§ Problem:
Go through the data below and return each line where the string "open" appears.

Excerpted data START

text \<open>The group G is a type
 'g of class group_add (NOT assumed commutative); the group law is written +, identity 0,
 inverse uminus. All the algebras H_p live as subspaces Hc p of one ambient k-vector space
 'h with scalar multiplication scH; every structure map carries its grade index(es), so
 overlaps of the Hc p inside 'h are irrelevant. Tensors are represented by finite lists of
 elementary tensors (Sweedler sums); two such lists are equal as tensors iff all
 (bi/tri)linear forms agree on them (dual of the tensor product separates points).\<close>

definition lin_fun :: "('k::field \<Rightarrow> 'a::ab_group_add \<Rightarrow> 'a) \<Rightarrow> 'a set \<Rightarrow> ('a \<Rightarrow> 'k) \<Rightarrow> bool" where
  "lin_fun sA A f \<longleftrightarrow> (\<forall>x\<in>A. \<forall>y\<in>A. f (x + y) = f x + f y) \<and> (\<forall>c. \<forall>x\<in>A. f (sA c x) = c * f x)"

definition lin_map :: "('k::field \<Rightarrow> 'a::ab_group_add \<Rightarrow> 'a) \<Rightarrow> 'a set \<Rightarrow>
    ('k \<Rightarrow> 'b::ab_group_add \<Rightarrow> 'b) \<Rightarrow> 'b set \<Rightarrow> ('a \<Rightarrow> 'b) \<Rightarrow> bool" where
  "lin_map sA A sB B f \<longleftrightarrow> (\<forall>x\<in>A. f x \<in> B) \<and> (\<forall>x\<in>A. \<forall>y\<in>A. f (x + y) = f x + f y)
     \<and> (\<forall>c. \<forall>x\<in>A. f (sA c x) = sB c (f x))"

definition teq2 :: "('k::field \<Rightarrow> 'a::ab_group_add \<Rightarrow> 'a) \<Rightarrow> 'a set \<Rightarrow>
    ('k \<Rightarrow> 'b::ab_group_add \<Rightarrow> 'b) \<Rightarrow> 'b set \<Rightarrow> ('a \<times> 'b) list \<Rightarrow> ('a \<times> 'b) list \<Rightarrow> bool" where
  "teq2 sA A sB B xs ys \<longleftrightarrow>
     (\<forall>\<phi> :: 'a \<Rightarrow> 'b \<Rightarrow> 'k.
        (\<forall>b\<in>B. lin_fun sA A (\<lambda>a. \<phi> a b)) \<and> (\<forall>a\<in>A. lin_fun sB B (\<phi> a)) \<longrightarrow>
        sum_list (map (\<lambda>(a, b). \<phi> a b) xs) = sum_list (map (\<lambda>(a, b). \<phi> a b) ys))"

definition teq3 :: "('k::field \<Rightarrow> 'a::ab_group_add \<Rightarrow> 'a) \<Rightarrow> 'a set \<Rightarrow>
    ('k \<Rightarrow> 'b::ab_group_add \<Rightarrow> 'b) \<Rightarrow> 'b set \<Rightarrow> ('k \<Rightarrow> 'c::ab_group_add \<Rightarrow> 'c) \<Rightarrow> 'c set \<Rightarrow>
    ('a \<times> 'b \<times> 'c) list \<Rightarrow> ('a \<times> 'b \<times> 'c) list \<Rightarrow> bool" where
  "teq3 sA A sB B sC C xs ys \<longleftrightarrow>
     (\<forall>\<phi> :: 'a \<Rightarrow> 'b \<Rightarrow> 'c \<Rightarrow> 'k.
        (\<forall>b\<in>B. \<forall>c\<in>C. lin_fun sA A (\<lambda>a. \<phi> a b c)) \<and> (\<forall>a\<in>A. \<forall>c\<in>C. lin_fun sB B (\<lambda>b. \<phi> a b c))
        \<and> (\<forall>a\<in>A. \<forall>b\<in>B. lin_fun sC C (\<phi> a b)) \<longrightarrow>
        sum_list (map (\<lambda>(a, b, c). \<phi> a b c) xs) = sum_list (map (\<lambda>(a, b, c). \<phi> a b c) ys))"

definition tlin :: "('k::field \<Rightarrow> 'a::ab_group_add \<Rightarrow> 'a) \<Rightarrow> 'a set \<Rightarrow>
    ('k \<Rightarrow> 'b::ab_group_add \<Rightarrow> 'b) \<Rightarrow> 'b set \<Rightarrow> ('k \<Rightarrow> 'c::ab_group_add \<Rightarrow> 'c) \<Rightarrow> 'c set \<Rightarrow>
    ('a \<Rightarrow> ('b \<times> 'c) list) \<Rightarrow> bool" where
  "tlin sA A sB B sC C F \<longleftrightarrow>
     (\<forall>x\<in>A. set (F x) \<subseteq> B \<times> C) \<and>
     (\<forall>x\<in>A. \<forall>y\<in>A. teq2 sB B sC C (F (x + y)) (F x @ F y)) \<and>
     (\<forall>c. \<forall>x\<in>A. teq2 sB B sC C (F (sA c x)) (map (\<lambda>(b, d). (sB c b, d)) (F x)))"

definition delta3 :: "('g::group_add \<Rightarrow> 'g \<Rightarrow> 'h \<Rightarrow> ('h \<times> 'h) list) \<Rightarrow> 'g \<Rightarrow> 'g \<Rightarrow> 'g \<Rightarrow> 'h \<Rightarrow> ('h \<times> 'h \<times> 'h) list" where
  "delta3 Dl p q r h = [(a, b, z). (x, z) \<leftarrow> Dl (p + q) r h, (a, b) \<leftarrow> Dl p q x]"

definition epst :: "('k::field \<Rightarrow> 'h::ab_group_add \<Rightarrow> 'h) \<Rightarrow> ('g::group_add \<Rightarrow> 'h \<Rightarrow> 'h \<Rightarrow> 'h) \<Rightarrow>
    ('g \<Rightarrow> 'h) \<Rightarrow> ('g \<Rightarrow> 'g \<Rightarrow> 'h \<Rightarrow> ('h \<times> 'h) list) \<Rightarrow> ('h \<Rightarrow> 'k) \<Rightarrow> 'g \<Rightarrow> 'h \<Rightarrow> 'h" where
  "epst scH mu one Dl eps p h = sum_list (map (\<lambda>(a, b). scH (eps (mu 0 a h)) b) (Dl 0 p (one p)))"

definition epss :: "('k::field \<Rightarrow> 'h::ab_group_add \<Rightarrow> 'h) \<Rightarrow> ('g::group_add \<Rightarrow> 'h \<Rightarrow> 'h \<Rightarrow> 'h) \<Rightarrow>
    ('g \<Rightarrow> 'h) \<Rightarrow> ('g \<Rightarrow> 'g \<Rightarrow> 'h \<Rightarrow> ('h \<times> 'h) list) \<Rightarrow> ('h \<Rightarrow> 'k) \<Rightarrow> 'g \<Rightarrow> 'h \<Rightarrow> 'h" where
  "epss scH mu one Dl eps p h = sum_list (map (\<lambda>(a, b). scH (eps (mu 0 h b)) a) (Dl p 0 (one p)))"

text \<open>Here mu p is the multiplication of H_p, one p its unit, Dl p q h the
 comultiplication \<Delta>_{p,q}(h) for h in H_{p+q}, S p : H_p \<rightarrow> H_{-p}, and pi p q : H_q \<rightarrow> H_{p+q-p}
 is the crossing \<pi>_p restricted to H_q.\<close>
definition crossed_gcwhq ::
  "('k::field \<Rightarrow> 'h::ab_group_add \<Rightarrow> 'h) \<Rightarrow> ('g::group_add \<Rightarrow> 'h set) \<Rightarrow> ('g \<Rightarrow> 'h \<Rightarrow> 'h \<Rightarrow> 'h) \<Rightarrow>
   ('g \<Rightarrow> 'h) \<Rightarrow> ('g \<Rightarrow> 'g \<Rightarrow> 'h \<Rightarrow> ('h \<times> 'h) list) \<Rightarrow> ('h \<Rightarrow> 'k) \<Rightarrow> ('g \<Rightarrow> 'h \<Rightarrow> 'h) \<Rightarrow>
   ('g \<Rightarrow> 'g \<Rightarrow> 'h \<Rightarrow> 'h) \<Rightarrow> bool" where
  "crossed_gcwhq scH Hc mu one Dl eps S pi \<longleftrightarrow>
    vector_space scH \<and>
    (\<forall>p. 0 \<in> Hc p \<and> (\<forall>x\<in>Hc p. \<forall>y\<in>Hc p. x + y \<in> Hc p) \<and> (\<forall>c. \<forall>x\<in>Hc p. scH c x \<in> Hc p)) \<and>
    \<comment> \<open>each H_p is a unital (not necessarily associative) k-algebra\<close>
    (\<forall>p. \<forall>x\<in>Hc p. \<forall>y\<in>Hc p. mu p x y \<in> Hc p) \<and>
    (\<forall>p. \<forall>x\<in>Hc p. \<forall>y\<in>Hc p. \<forall>z\<in>Hc p.
        mu p (x + y) z = mu p x z + mu p y z \<and> mu p z (x + y) = mu p z x + mu p z y) \<and>
    (\<forall>p c. \<forall>x\<in>Hc p. \<forall>y\<in>Hc p. mu p (scH c x) y = scH c (mu p x y) \<and> mu p x (scH c y) = scH c (mu p x y)) \<and>
    (\<forall>p. one p \<in> Hc p \<and> (\<forall>x\<in>Hc p. mu p (one p) x = x \<and> mu p x (one p) = x)) \<and>
    \<comment> \<open>linear, coassociative comultiplication\<close>
    (\<forall>p q. tlin scH (Hc (p + q)) scH (Hc p) scH (Hc q) (Dl p q)) \<and>
    (\<forall>p q r. \<forall>h\<in>Hc (p + q + r).
        teq3 scH (Hc p) scH (Hc q) scH (Hc r) (delta3 Dl p q r h)
          [(a, b, c). (a, y) \<leftarrow> Dl p (q + r) h, (b, c) \<leftarrow> Dl q r y]) \<and>
    \<comment> \<open>counit\<close>
    lin_fun scH (Hc 0) eps \<and>
    (\<forall>p. \<forall>h\<in>Hc p. sum_list (map (\<lambda>(a, b). scH (eps a) b) (Dl 0 p h)) = h
                 \<and> sum_list (map (\<lambda>(a, b). scH (eps b) a) (Dl p 0 h)) = h) \<and>
    \<comment> \<open>(1)\<close>
    (\<forall>p q. \<forall>g\<in>Hc (p + q). \<forall>h\<in>Hc (p + q).
        teq2 scH (Hc p) scH (Hc q) (Dl p q (mu (p + q) g h))
          [(mu p a c, mu q b d). (a, b) \<leftarrow> Dl p q g, (c, d) \<leftarrow> Dl p q h]) \<and>
    (\<forall>p q r.
        teq3 scH (Hc p) scH (Hc q) scH (Hc r) (delta3 Dl p q r (one (p + q + r)))
          [(mu p a (one p), mu q b c, mu r (one r) d). (a, b) \<leftarrow> Dl p q (one (p + q)), (c, d) \<leftarrow> Dl q r (one (q + r))] \<and>
        teq3 scH (Hc p) scH (Hc q) scH (Hc r) (delta3 Dl p q r (one (p + q + r)))
          [(mu p (one p) a, mu q c b, mu r d (one r)). (a, b) \<leftarrow> Dl p q (one (p + q)), (c, d) \<leftarrow> Dl q r (one (q + r))]) \<and>
    \<comment> \<open>(2)\<close>
    (\<forall>g\<in>Hc 0. \<forall>h\<in>Hc 0. \<forall>l\<in>Hc 0.
        eps (mu 0 (mu 0 g h) l) = eps (mu 0 g (mu 0 h l)) \<and>
        eps (mu 0 g (mu 0 h l)) = sum_list (map (\<lambda>(a, b). eps (mu 0 g b) * eps (mu 0 a l)) (Dl 0 0 h)) \<and>
        sum_list (map (\<lambda>(a, b). eps (mu 0 g b) * eps (mu 0 a l)) (Dl 0 0 h))
          = sum_list (map (\<lambda>(a, b). eps (mu 0 g a) * eps (mu 0 b l)) (Dl 0 0 h))) \<and>
    \<comment> \<open>(3) antipode\<close>
    (\<forall>p. lin_map scH (Hc p) scH (Hc (- p)) (S p)) \<and>
    (\<forall>p. \<forall>h\<in>Hc p.
        S p h = sum_list (map (\<lambda>(a, b). mu (- p) (S p a) (epst scH mu one Dl eps (- p) b)) (Dl p 0 h)) \<and>
        S p h = sum_list (map (\<lambda>(a, b). mu (- p) (epss scH mu one Dl eps (- p) a) (S p b)) (Dl 0 p h))) \<and>
    (\<forall>p. \<forall>h\<in>Hc 0. \<forall>g\<in>Hc p.
        sum_list (map (\<lambda>(a, b). mu p (S (- p) a) (mu p b g)) (Dl (- p) p h)) = mu p (epss scH mu one Dl eps p h) g \<and>
        sum_list (map (\<lambda>(a, b). mu p a (mu p (S (- p) b) g)) (Dl p (- p) h)) = mu p (epst scH mu one Dl eps p h) g \<and>
        sum_list (map (\<lambda>(a, b). mu p (mu p g a) (S (- p) b)) (Dl p (- p) h)) = mu p g (epst scH mu one Dl eps p h) \<and>
        sum_list (map (\<lambda>(a, b). mu p (mu p g (S (- p) a)) b) (Dl (- p) p h)) = mu p g (epss scH mu one Dl eps p h)) \<and>
    \<comment> \<open>crossing\<close>
    (\<forall>p q. lin_map scH (Hc q) scH (Hc (p + q + - p)) (pi p q) \<and> bij_betw (pi p q) (Hc q) (Hc (p + q + - p)) \<and>
        (\<forall>x\<in>Hc q. \<forall>y\<in>Hc q. pi p q (mu q x y) = mu (p + q + - p) (pi p q x) (pi p q y)) \<and>
        pi p q (one q) = one (p + q + - p)) \<and>
    (\<forall>p q r. \<forall>h\<in>Hc (q + r).
        teq2 scH (Hc (p + q + - p)) scH (Hc (p + r + - p))
          (map (\<lambda>(a, b). (pi p q a, pi p r b)) (Dl q r h))
          (Dl (p + q + - p) (p + r + - p) (pi p (q + r) h))) \<and>
    (\<forall>p. \<forall>h\<in>Hc 0. eps (pi p 0 h) = eps h) \<and>
    (\<forall>p q r. \<forall>h\<in>Hc r. pi (p + q) r h = pi p (q + r + - q) (pi q r h))"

Excerpted data END

§ Result of the exercise:
text \<open>The group G is a type
text \<open>Here mu p is the multiplication of H_p, one p its unit, Dl p q h the
    \<comment> \<open>each H_p is a unital (not necessarily associative) k-algebra\<close>
    \<comment> \<open>linear, coassociative comultiplication\<close>
    \<comment> \<open>counit\<close>
    \<comment> \<open>(1)\<close>
    \<comment> \<open>(2)\<close>
    \<comment> \<open>(3) antipode\<close>
    \<comment> \<open>crossing\<close>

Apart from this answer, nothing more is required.